- Problem to work on -
Of all the entries below, only the lines from the one with "h))\<bar> \<le> h" up to and including the one with "real\<bar> < real" are to be duplicated exactly.

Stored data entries
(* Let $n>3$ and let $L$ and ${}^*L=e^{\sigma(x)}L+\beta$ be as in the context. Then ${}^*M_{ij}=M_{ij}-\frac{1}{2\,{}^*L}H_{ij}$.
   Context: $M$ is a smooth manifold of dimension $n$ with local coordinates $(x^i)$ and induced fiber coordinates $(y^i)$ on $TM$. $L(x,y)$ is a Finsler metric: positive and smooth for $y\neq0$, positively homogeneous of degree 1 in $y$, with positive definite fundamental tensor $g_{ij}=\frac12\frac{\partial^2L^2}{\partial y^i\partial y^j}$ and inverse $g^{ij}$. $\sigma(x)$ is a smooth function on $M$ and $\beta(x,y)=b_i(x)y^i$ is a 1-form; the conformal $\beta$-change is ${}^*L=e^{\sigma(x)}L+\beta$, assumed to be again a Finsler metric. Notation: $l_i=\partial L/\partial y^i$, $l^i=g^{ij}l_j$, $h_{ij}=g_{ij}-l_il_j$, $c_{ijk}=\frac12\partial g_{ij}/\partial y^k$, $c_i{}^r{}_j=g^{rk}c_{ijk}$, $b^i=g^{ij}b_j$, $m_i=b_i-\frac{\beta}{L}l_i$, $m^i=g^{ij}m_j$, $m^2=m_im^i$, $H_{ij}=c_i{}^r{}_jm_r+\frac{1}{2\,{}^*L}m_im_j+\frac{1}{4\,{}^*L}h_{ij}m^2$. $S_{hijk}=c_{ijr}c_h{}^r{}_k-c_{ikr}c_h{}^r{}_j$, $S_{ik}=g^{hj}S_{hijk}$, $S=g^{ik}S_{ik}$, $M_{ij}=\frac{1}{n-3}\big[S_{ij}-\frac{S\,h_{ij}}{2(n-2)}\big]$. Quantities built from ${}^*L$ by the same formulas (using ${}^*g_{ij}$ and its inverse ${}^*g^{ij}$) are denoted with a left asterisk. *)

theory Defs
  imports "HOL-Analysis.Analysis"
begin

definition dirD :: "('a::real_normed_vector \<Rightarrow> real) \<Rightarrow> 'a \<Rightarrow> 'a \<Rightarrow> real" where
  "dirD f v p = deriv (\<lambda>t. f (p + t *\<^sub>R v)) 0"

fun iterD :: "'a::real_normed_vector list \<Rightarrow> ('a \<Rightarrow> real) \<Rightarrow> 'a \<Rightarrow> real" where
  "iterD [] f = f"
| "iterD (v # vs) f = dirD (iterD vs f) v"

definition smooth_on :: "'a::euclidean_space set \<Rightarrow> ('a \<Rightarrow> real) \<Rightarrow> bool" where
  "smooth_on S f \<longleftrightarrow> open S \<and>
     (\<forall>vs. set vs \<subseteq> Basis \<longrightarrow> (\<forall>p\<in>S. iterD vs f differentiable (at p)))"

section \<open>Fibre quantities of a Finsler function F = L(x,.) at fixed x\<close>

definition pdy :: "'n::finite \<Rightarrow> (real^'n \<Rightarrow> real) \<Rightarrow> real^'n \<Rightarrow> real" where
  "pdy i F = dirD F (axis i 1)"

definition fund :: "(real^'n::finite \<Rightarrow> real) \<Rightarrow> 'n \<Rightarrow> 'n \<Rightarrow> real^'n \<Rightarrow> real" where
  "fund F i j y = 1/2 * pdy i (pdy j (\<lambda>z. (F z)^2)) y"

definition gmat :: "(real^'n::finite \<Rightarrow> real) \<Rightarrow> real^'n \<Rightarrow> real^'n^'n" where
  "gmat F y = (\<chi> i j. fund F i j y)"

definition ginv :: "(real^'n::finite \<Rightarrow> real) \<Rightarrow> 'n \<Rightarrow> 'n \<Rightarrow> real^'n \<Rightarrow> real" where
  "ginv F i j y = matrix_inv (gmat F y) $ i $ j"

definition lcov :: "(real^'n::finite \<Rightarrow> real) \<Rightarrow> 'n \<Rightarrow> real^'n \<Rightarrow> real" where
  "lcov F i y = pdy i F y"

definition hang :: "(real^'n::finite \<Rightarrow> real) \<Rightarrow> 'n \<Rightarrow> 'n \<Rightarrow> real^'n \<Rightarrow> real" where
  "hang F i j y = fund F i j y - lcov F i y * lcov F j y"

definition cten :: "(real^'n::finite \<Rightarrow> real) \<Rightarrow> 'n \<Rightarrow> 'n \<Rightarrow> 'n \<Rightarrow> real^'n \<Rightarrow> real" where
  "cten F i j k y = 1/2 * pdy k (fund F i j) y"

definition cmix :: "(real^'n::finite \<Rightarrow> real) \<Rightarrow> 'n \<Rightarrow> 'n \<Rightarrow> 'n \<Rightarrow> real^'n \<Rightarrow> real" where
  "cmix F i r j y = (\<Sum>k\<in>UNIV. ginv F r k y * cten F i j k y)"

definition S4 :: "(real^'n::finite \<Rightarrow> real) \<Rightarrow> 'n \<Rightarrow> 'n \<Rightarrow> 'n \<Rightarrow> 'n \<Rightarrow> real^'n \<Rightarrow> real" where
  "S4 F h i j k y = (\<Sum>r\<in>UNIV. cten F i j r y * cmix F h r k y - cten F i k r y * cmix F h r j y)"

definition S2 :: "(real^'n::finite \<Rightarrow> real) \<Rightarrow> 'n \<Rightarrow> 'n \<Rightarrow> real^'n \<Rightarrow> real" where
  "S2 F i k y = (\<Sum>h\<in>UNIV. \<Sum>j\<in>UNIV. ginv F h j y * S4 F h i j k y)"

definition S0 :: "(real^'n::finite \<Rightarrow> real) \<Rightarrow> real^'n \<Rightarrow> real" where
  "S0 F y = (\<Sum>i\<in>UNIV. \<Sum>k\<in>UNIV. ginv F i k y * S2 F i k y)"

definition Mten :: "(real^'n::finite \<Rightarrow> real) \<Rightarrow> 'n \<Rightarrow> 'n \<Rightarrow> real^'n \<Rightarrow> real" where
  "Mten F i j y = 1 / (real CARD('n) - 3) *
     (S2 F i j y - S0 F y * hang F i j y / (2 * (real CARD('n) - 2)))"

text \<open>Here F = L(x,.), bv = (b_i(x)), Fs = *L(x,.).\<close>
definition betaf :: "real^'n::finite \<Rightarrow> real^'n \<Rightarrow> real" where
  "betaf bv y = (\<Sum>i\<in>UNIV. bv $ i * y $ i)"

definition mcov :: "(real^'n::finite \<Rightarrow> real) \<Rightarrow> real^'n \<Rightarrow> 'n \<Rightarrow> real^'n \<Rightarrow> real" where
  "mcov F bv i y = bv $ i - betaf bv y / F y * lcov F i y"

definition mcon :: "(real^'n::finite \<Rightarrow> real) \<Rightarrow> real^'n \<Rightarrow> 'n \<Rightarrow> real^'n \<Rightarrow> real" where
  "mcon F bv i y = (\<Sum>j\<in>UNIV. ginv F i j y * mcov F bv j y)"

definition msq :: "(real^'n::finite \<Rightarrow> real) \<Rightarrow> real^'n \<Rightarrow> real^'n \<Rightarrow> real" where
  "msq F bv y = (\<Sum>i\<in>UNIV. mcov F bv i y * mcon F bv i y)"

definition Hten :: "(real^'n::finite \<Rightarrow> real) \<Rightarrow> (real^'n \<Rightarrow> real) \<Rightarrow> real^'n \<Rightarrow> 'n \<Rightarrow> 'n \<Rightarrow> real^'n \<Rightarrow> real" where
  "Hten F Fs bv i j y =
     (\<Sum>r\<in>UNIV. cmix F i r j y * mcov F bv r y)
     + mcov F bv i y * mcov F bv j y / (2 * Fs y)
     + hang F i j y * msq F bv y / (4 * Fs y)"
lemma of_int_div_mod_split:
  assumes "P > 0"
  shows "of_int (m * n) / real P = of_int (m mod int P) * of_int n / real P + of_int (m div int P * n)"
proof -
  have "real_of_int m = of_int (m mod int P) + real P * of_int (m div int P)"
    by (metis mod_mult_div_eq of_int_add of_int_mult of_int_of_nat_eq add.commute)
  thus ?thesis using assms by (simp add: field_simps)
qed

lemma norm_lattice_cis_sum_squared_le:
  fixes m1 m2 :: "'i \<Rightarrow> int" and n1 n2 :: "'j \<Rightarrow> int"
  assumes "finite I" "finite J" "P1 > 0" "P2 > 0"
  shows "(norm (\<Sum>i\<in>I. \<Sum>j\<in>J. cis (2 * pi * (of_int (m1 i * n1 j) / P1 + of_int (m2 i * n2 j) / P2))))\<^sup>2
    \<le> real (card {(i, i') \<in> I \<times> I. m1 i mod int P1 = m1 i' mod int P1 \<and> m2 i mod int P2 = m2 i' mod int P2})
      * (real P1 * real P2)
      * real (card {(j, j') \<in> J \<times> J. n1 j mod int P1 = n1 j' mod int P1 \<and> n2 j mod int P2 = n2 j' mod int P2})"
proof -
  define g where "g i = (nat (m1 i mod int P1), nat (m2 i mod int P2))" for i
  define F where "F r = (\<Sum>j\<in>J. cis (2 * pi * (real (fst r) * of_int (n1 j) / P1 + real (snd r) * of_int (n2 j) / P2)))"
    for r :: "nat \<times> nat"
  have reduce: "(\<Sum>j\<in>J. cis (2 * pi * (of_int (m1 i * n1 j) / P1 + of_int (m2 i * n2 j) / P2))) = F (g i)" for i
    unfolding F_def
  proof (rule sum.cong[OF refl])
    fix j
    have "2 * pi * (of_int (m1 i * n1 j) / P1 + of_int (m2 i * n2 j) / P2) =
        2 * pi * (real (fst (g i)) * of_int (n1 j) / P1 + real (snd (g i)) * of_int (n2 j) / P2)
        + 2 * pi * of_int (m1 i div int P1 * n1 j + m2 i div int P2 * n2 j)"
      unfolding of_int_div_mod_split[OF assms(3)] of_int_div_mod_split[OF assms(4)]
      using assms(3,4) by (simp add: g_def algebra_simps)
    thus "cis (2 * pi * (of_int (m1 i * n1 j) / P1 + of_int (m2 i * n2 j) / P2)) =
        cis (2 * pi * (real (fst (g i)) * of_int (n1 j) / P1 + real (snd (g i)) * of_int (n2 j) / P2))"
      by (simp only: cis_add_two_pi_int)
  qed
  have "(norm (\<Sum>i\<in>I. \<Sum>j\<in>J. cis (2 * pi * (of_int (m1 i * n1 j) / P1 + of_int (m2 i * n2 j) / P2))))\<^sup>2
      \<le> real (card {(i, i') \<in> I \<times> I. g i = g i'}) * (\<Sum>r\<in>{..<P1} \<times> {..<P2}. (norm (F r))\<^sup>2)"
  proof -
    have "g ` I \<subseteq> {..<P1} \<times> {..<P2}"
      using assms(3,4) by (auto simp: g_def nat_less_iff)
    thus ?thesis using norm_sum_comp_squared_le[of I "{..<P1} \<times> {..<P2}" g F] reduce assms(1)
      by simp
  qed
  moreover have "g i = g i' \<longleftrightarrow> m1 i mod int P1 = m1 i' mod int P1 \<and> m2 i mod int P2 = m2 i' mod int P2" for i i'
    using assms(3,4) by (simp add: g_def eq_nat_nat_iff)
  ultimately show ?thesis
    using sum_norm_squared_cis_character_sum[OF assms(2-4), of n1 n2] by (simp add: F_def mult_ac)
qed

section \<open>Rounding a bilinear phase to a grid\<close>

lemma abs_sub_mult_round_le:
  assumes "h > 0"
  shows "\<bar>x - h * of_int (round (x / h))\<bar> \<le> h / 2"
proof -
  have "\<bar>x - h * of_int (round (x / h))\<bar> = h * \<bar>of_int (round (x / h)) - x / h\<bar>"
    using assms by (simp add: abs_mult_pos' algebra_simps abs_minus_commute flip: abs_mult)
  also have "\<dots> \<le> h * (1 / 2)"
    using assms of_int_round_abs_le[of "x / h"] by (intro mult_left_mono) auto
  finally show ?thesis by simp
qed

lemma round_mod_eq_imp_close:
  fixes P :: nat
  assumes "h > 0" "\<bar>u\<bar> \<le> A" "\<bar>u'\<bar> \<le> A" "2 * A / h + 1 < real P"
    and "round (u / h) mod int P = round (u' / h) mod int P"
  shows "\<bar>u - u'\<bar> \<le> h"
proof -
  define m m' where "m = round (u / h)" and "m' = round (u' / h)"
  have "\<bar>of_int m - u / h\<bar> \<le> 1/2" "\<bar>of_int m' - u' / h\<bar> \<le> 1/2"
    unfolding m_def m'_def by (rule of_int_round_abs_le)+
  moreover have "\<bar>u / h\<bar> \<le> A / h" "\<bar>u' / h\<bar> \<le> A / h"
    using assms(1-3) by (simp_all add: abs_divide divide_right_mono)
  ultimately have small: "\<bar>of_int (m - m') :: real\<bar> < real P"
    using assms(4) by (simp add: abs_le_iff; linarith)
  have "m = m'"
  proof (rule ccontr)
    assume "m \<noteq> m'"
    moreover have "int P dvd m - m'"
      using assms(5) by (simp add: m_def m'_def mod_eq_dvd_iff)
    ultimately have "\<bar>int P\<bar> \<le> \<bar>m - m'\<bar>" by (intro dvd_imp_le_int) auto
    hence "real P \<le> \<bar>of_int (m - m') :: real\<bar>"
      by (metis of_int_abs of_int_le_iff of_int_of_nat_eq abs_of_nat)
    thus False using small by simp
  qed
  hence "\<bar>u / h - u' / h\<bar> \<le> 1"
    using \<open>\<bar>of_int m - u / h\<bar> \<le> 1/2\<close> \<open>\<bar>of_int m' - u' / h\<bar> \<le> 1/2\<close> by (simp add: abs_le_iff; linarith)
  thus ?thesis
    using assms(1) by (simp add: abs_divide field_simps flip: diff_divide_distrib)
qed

- Written response -
  shows "\<bar>x - h * of_int (round (x / h))\<bar> \<le> h / 2"
proof -
  have "\<bar>x - h * of_int (round (x / h))\<bar> = h * \<bar>of_int (round (x / h)) - x / h\<bar>"
    using assms by (simp add: abs_mult_pos' algebra_simps abs_minus_commute flip: abs_mult)
  also have "\<dots> \<le> h * (1 / 2)"
    using assms of_int_round_abs_le[of "x / h"] by (intro mult_left_mono) auto
  finally show ?thesis by simp
qed

lemma round_mod_eq_imp_close:
  fixes P :: nat
  assumes "h > 0" "\<bar>u\<bar> \<le> A" "\<bar>u'\<bar> \<le> A" "2 * A / h + 1 < real P"
    and "round (u / h) mod int P = round (u' / h) mod int P"
  shows "\<bar>u - u'\<bar> \<le> h"
proof -
  define m m' where "m = round (u / h)" and "m' = round (u' / h)"
  have "\<bar>of_int m - u / h\<bar> \<le> 1/2" "\<bar>of_int m' - u' / h\<bar> \<le> 1/2"
    unfolding m_def m'_def by (rule of_int_round_abs_le)+
  moreover have "\<bar>u / h\<bar> \<le> A / h" "\<bar>u' / h\<bar> \<le> A / h"
    using assms(1-3) by (simp_all add: abs_divide divide_right_mono)
  ultimately have small: "\<bar>of_int (m - m') :: real\<bar> < real P"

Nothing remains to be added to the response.